▶ [RECORDS FOR THE TASK]
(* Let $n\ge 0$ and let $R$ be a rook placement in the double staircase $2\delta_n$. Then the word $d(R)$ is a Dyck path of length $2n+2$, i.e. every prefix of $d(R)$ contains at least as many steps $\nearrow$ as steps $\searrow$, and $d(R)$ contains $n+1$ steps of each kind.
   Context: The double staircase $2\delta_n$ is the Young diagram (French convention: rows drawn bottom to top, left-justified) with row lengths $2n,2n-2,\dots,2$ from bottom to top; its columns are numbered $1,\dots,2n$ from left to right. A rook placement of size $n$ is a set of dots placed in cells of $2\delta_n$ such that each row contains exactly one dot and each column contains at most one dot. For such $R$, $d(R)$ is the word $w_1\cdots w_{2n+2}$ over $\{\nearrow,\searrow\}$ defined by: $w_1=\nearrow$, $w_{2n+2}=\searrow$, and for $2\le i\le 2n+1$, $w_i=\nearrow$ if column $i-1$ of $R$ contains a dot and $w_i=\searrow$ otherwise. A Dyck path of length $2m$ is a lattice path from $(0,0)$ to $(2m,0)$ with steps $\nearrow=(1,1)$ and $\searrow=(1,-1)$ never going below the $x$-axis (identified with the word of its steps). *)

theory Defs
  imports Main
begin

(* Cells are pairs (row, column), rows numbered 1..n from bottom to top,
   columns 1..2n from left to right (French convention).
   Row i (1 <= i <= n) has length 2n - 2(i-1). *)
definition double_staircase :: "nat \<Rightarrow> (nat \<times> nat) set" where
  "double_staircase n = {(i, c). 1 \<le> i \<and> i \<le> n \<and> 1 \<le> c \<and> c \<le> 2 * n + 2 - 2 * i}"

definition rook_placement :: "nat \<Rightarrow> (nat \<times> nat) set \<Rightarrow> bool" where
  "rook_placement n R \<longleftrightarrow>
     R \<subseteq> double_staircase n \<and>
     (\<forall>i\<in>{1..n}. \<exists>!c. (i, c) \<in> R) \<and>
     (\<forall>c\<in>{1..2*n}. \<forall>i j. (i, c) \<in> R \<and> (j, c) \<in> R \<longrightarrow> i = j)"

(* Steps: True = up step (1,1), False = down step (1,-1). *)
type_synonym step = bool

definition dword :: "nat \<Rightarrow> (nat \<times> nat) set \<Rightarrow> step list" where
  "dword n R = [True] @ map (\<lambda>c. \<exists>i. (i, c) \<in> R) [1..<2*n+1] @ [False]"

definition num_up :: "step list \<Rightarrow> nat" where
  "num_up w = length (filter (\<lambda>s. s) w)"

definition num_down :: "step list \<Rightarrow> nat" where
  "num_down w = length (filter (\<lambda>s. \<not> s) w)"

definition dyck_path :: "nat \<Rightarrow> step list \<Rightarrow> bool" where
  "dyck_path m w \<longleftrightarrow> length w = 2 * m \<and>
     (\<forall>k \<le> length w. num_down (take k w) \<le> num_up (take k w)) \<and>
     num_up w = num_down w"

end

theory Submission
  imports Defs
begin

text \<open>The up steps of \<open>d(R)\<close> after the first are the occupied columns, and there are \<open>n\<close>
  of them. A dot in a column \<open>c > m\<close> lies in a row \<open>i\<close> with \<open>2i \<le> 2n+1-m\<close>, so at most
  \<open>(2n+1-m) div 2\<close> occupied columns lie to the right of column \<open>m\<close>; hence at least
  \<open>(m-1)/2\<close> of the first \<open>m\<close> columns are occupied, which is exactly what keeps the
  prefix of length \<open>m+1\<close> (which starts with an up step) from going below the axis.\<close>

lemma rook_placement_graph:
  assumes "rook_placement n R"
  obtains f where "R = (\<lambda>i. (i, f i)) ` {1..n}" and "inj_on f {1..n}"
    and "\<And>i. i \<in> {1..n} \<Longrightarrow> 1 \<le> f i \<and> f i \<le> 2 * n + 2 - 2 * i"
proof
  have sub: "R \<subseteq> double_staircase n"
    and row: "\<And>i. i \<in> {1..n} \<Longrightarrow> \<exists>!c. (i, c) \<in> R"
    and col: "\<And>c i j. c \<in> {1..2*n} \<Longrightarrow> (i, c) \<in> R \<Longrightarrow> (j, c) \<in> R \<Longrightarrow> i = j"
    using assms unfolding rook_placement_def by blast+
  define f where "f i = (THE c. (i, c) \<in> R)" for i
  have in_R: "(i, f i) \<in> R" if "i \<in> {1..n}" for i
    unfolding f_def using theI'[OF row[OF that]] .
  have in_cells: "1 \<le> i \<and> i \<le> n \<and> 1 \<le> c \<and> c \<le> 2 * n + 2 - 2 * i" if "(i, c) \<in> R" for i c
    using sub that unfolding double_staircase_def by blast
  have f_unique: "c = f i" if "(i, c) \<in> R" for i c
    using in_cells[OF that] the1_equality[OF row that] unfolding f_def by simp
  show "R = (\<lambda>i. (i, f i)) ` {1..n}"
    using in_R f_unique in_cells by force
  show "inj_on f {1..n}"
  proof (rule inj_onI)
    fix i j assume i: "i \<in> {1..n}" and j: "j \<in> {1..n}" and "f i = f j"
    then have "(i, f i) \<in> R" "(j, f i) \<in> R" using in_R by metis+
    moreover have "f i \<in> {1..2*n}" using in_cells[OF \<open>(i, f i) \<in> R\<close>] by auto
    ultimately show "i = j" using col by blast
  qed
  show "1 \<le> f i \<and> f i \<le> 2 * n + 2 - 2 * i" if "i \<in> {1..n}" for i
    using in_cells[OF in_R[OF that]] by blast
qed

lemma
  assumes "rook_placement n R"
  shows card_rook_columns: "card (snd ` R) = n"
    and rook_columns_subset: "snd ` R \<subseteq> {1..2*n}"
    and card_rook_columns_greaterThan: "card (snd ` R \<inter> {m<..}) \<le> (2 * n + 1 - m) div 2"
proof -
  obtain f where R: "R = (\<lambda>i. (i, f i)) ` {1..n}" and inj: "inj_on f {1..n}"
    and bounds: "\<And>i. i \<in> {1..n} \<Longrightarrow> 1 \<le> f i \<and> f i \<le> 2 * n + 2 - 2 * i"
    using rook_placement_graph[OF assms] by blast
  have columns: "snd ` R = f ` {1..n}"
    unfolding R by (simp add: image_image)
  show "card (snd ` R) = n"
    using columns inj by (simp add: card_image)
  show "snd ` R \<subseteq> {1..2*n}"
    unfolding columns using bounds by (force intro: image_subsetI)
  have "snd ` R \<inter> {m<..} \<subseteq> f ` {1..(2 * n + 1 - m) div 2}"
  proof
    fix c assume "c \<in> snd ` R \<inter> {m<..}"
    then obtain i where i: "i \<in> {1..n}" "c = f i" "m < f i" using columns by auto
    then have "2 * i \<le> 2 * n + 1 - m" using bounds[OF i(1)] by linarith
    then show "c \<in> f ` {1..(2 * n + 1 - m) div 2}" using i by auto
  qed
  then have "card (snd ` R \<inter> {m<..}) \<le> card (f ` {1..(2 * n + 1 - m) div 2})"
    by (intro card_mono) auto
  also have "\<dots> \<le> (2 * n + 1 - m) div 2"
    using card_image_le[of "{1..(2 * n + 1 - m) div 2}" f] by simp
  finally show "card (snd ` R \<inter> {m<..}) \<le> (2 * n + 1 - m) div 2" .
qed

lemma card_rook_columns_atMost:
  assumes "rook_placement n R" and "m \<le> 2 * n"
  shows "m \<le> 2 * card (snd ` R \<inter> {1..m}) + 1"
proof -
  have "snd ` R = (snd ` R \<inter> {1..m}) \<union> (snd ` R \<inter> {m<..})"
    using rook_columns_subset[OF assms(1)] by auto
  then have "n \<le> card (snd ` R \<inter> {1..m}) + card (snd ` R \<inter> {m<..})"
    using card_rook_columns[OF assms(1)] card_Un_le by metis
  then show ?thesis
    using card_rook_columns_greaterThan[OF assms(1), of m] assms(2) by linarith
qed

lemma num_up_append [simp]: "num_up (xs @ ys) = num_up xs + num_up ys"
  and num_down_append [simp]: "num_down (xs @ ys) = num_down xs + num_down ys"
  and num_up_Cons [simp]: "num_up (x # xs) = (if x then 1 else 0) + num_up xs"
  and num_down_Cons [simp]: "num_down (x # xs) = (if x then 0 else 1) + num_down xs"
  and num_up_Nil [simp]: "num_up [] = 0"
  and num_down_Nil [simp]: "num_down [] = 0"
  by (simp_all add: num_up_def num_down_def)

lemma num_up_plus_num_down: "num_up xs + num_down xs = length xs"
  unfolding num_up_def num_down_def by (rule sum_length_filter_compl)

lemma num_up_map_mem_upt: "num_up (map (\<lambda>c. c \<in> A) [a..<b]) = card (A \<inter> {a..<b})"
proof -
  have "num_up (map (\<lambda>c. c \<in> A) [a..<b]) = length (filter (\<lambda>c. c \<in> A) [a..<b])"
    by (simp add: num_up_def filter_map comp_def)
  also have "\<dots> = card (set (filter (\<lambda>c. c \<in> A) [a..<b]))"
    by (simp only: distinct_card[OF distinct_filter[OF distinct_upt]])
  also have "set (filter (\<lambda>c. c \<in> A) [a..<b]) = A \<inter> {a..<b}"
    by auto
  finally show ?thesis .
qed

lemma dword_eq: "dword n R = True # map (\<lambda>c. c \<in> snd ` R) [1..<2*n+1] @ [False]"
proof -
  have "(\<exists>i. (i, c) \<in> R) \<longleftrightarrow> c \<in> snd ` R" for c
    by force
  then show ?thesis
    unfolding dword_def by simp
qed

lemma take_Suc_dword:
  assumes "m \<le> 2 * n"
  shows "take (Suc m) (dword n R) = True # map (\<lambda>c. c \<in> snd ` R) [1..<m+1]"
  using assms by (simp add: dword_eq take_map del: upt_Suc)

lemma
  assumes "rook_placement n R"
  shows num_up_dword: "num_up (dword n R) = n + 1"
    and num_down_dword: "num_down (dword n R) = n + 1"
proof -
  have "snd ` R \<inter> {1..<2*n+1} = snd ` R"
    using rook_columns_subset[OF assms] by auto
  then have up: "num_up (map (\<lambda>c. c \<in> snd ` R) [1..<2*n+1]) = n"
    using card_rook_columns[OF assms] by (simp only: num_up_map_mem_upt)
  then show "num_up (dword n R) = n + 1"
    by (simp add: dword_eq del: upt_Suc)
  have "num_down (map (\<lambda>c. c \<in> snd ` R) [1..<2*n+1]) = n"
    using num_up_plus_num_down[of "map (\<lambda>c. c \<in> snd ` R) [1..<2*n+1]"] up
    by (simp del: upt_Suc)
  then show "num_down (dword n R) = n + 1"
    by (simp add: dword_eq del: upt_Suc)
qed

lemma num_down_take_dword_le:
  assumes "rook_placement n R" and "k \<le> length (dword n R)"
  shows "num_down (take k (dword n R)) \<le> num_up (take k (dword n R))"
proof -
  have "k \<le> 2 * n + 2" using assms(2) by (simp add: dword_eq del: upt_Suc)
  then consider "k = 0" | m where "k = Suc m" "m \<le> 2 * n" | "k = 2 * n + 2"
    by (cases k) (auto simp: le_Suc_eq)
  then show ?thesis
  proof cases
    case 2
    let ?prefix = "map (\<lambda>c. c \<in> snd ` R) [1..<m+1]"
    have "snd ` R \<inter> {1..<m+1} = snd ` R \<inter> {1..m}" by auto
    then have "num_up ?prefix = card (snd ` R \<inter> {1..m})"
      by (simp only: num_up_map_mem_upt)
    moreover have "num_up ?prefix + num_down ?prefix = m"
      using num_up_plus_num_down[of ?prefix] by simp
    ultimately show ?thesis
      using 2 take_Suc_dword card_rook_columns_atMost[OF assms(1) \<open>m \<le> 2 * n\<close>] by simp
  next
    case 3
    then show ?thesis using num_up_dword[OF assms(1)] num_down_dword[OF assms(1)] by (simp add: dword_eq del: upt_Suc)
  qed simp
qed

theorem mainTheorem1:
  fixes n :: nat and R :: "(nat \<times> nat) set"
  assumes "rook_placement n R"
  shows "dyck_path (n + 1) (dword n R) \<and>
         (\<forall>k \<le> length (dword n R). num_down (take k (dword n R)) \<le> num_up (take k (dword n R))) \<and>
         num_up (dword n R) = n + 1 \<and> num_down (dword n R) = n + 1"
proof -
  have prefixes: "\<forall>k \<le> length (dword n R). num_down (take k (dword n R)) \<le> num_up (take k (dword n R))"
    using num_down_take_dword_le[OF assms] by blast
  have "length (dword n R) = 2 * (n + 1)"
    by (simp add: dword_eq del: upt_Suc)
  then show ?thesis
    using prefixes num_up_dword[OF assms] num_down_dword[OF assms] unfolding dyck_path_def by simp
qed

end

▶ [PROBLEM TO WORK ON]
The answer should be all lines from the entries above that hold the word "moreover".

▶ [SOLVED PROBLEM]
    moreover have "f i \<in> {1..2*n}" using in_cells[OF \<open>(i, f i) \<in> R\<close>] by auto
    moreover have "num_up ?prefix + num_down ?prefix = m"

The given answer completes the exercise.